■ **AIM OF THE EXERCISE**: Report, from the records below, every line where the word "auto" appears.

Collected data

(* Let $n\ge 1$ and let $\pi$ be a permutation of length $n$ that has a distant inverse-descent. Then $\zeta_n$ contains a subsequence order-isomorphic to $\pi$.
   Context: A permutation of length $n$ is a word containing each letter of $[n]=\{1,\dots,n\}$ exactly once. Two words $u,v$ of the same length $k$ over the positive integers are order-isomorphic if for all $i,j\in[k]$, $u(i)>u(j)\iff v(i)>v(j)$. A word $w$ contains a subsequence order-isomorphic to $\pi$ if there are indices $i_1<\cdots<i_n$ with $w(i_1)\cdots w(i_n)$ order-isomorphic to $\pi$. Entries $\pi(j),\pi(k)$ form an inverse-descent if $j<k$ and $\pi(j)=\pi(k)+1$; it is a distant inverse-descent if moreover $k\ge j+2$. The word $z_n$ is the concatenation of $n$ runs $r_1r_2\cdots r_n$, where for odd $k$ the run $r_k$ lists the odd integers in $[n]$ in increasing order and for even $k$ the run $r_k$ lists the even integers in $[n]$ in decreasing order (so $|z_n|=n^2/2$ for even $n$ and $(n^2+1)/2$ for odd $n$). The permutation $\zeta_n$ of length $|z_n|$ is the unique permutation such that for all indices $i\ne j$: $\zeta_n(i)>\zeta_n(j)$ if and only if either $z_n(i)>z_n(j)$, or $z_n(i)=z_n(j)$ and $i<j$. *)

theory Defs
  imports Main
begin

(* Words are lists of positive integers; positions are 0-indexed in the list. *)

definition is_perm :: "nat list \<Rightarrow> bool" where
  "is_perm p \<longleftrightarrow> distinct p \<and> set p = {1..length p}"

definition order_iso :: "nat list \<Rightarrow> nat list \<Rightarrow> bool" where
  "order_iso u v \<longleftrightarrow> length u = length v \<and>
     (\<forall>i<length u. \<forall>j<length u. u ! i > u ! j \<longleftrightarrow> v ! i > v ! j)"

definition contains :: "nat list \<Rightarrow> nat list \<Rightarrow> bool" where
  "contains w p \<longleftrightarrow> (\<exists>idx :: nat \<Rightarrow> nat.
      (\<forall>a b. a < b \<and> b < length p \<longrightarrow> idx a < idx b) \<and>
      (\<forall>a<length p. idx a < length w) \<and>
      order_iso (map (\<lambda>a. w ! idx a) [0..<length p]) p)"

definition has_distant_inverse_descent :: "nat list \<Rightarrow> bool" where
  "has_distant_inverse_descent p \<longleftrightarrow>
     (\<exists>j k. j < k \<and> k < length p \<and> p ! j = p ! k + 1 \<and> j + 2 \<le> k)"

definition run :: "nat \<Rightarrow> nat \<Rightarrow> nat list" where
  "run n k = (if odd k then filter odd [1..<n+1] else rev (filter even [1..<n+1]))"

definition z_word :: "nat \<Rightarrow> nat list" where
  "z_word n = concat (map (run n) [1..<n+1])"

(* zeta(i) > zeta(j) iff z(i) > z(j) or (z(i) = z(j) and i < j);
   so zeta(i) = 1 + #{j \<noteq> i below i in this strict total order}. *)
definition zeta :: "nat \<Rightarrow> nat list" where
  "zeta n = (let z = z_word n in
     map (\<lambda>i. Suc (card {j. j < length z \<and> j \<noteq> i \<and>
                  (z ! j < z ! i \<or> (z ! j = z ! i \<and> i < j))}))
         [0..<length z])"

end

theory Submission
  imports Defs "HOL-Library.Sublist"
begin

text \<open>Let \<open>\<pi>(j) = m + 1\<close> and \<open>\<pi>(k) = m\<close> with \<open>k \<ge> j + 2\<close>. Merging the values \<open>m\<close> and
  \<open>m + 1\<close> turns \<open>\<pi>\<close> into a word \<open>c\<close> over \<open>[n-1]\<close> without equal adjacent letters, and every
  occurrence of \<open>c\<close> in \<open>z_n\<close> is an occurrence of \<open>\<pi>\<close> in \<open>\<zeta>_n\<close>, since \<open>\<zeta>_n\<close> ranks equal
  letters of \<open>z_n\<close> with the earlier one on top. Embedding a word greedily into the runs of
  \<open>z_n\<close>, each step \<open>x \<rightarrow> y\<close> with \<open>x \<noteq> y\<close> advances by 0, 1 or 2 runs, and for \<open>c\<close> and its
  shift \<open>c + 1\<close> these advances add up to 2. So the greedy embeddings of \<open>c\<close> and \<open>c + 1\<close>
  together use \<open>2n + 1\<close> runs, and one of the two words fits into the \<open>n\<close> runs of \<open>z_n\<close>.\<close>

text \<open>\<open>\<zeta>_n\<close> is the rank function of the order \<open>std_greater (z_word n)\<close> on positions.\<close>

definition std_greater :: "nat list \<Rightarrow> nat \<Rightarrow> nat \<Rightarrow> bool" where
  "std_greater w i j \<longleftrightarrow> w ! j < w ! i \<or> (w ! i = w ! j \<and> i < j)"

lemma std_greater_total: "i \<noteq> j \<Longrightarrow> std_greater w i j \<or> std_greater w j i"
  by (auto simp: std_greater_def)

lemma card_std_greater_less:
  assumes "std_greater w i j" and "j < length w"
  shows "card {t. t < length w \<and> std_greater w j t} < card {t. t < length w \<and> std_greater w i t}"
proof (rule psubset_card_mono)
  show "{t. t < length w \<and> std_greater w j t} \<subset> {t. t < length w \<and> std_greater w i t}"
    using assms by (auto simp: std_greater_def)
qed simp

lemma length_zeta: "length (zeta n) = length (z_word n)"
  by (simp add: zeta_def Let_def)

lemma nth_zeta:
  "i < length (z_word n) \<Longrightarrow>
     zeta n ! i = Suc (card {j. j < length (z_word n) \<and> std_greater (z_word n) i j})"
  unfolding zeta_def Let_def std_greater_def
  by (auto intro!: arg_cong[where f = card])

lemma zeta_greater_iff:
  assumes "i < length (z_word n)" "j < length (z_word n)" "i \<noteq> j"
  shows "zeta n ! j < zeta n ! i \<longleftrightarrow> std_greater (z_word n) i j"
  using card_std_greater_less[of "z_word n" i j] card_std_greater_less[of "z_word n" j i]
    std_greater_total[OF assms(3), of "z_word n"] assms
  by (auto simp: nth_zeta)

lemma subseq_indices:
  assumes "subseq xs ys"
  obtains idx where "\<And>a b. a < b \<Longrightarrow> b < length xs \<Longrightarrow> idx a < idx b"
    and "\<And>a. a < length xs \<Longrightarrow> idx a < length ys \<and> ys ! idx a = xs ! a"
proof -
  from assms have "\<exists>idx. (\<forall>a b. a < b \<and> b < length xs \<longrightarrow> idx a < idx b) \<and>
      (\<forall>a < length xs. idx a < length ys \<and> ys ! idx a = xs ! a)"
  proof (induction rule: list_emb.induct)
    case (list_emb_Nil ys)
    show ?case by simp
  next
    case (list_emb_Cons xs ys y)
    then obtain idx where "\<forall>a b. a < b \<and> b < length xs \<longrightarrow> idx a < idx b"
      and "\<forall>a < length xs. idx a < length ys \<and> ys ! idx a = xs ! a"
      by blast
    then show ?case by (intro exI[of _ "Suc \<circ> idx"]) auto
  next
    case (list_emb_Cons2 x y xs ys)
    then obtain idx where mono: "\<forall>a b. a < b \<and> b < length xs \<longrightarrow> idx a < idx b"
      and nth: "\<forall>a < length xs. idx a < length ys \<and> ys ! idx a = xs ! a"
      by blast
    let ?idx = "\<lambda>a. case a of 0 \<Rightarrow> 0 | Suc a' \<Rightarrow> Suc (idx a')"
    have "\<forall>a b. a < b \<and> b < length (x # xs) \<longrightarrow> ?idx a < ?idx b"
      using mono by (auto split: nat.split)
    moreover have "\<forall>a < length (x # xs). ?idx a < length (y # ys) \<and> (y # ys) ! ?idx a = (x # xs) ! a"
      using nth list_emb_Cons2.hyps by (auto split: nat.split)
    ultimately show ?case by blast
  qed
  then show ?thesis using that by blast
qed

■ **TASK ANSWER**:
  by (auto simp: std_greater_def)
    using assms by (auto simp: std_greater_def)
  by (auto intro!: arg_cong[where f = card])
  by (auto simp: nth_zeta)
    then show ?case by (intro exI[of _ "Suc \<circ> idx"]) auto
      using mono by (auto split: nat.split)
      using nth list_emb_Cons2.hyps by (auto split: nat.split)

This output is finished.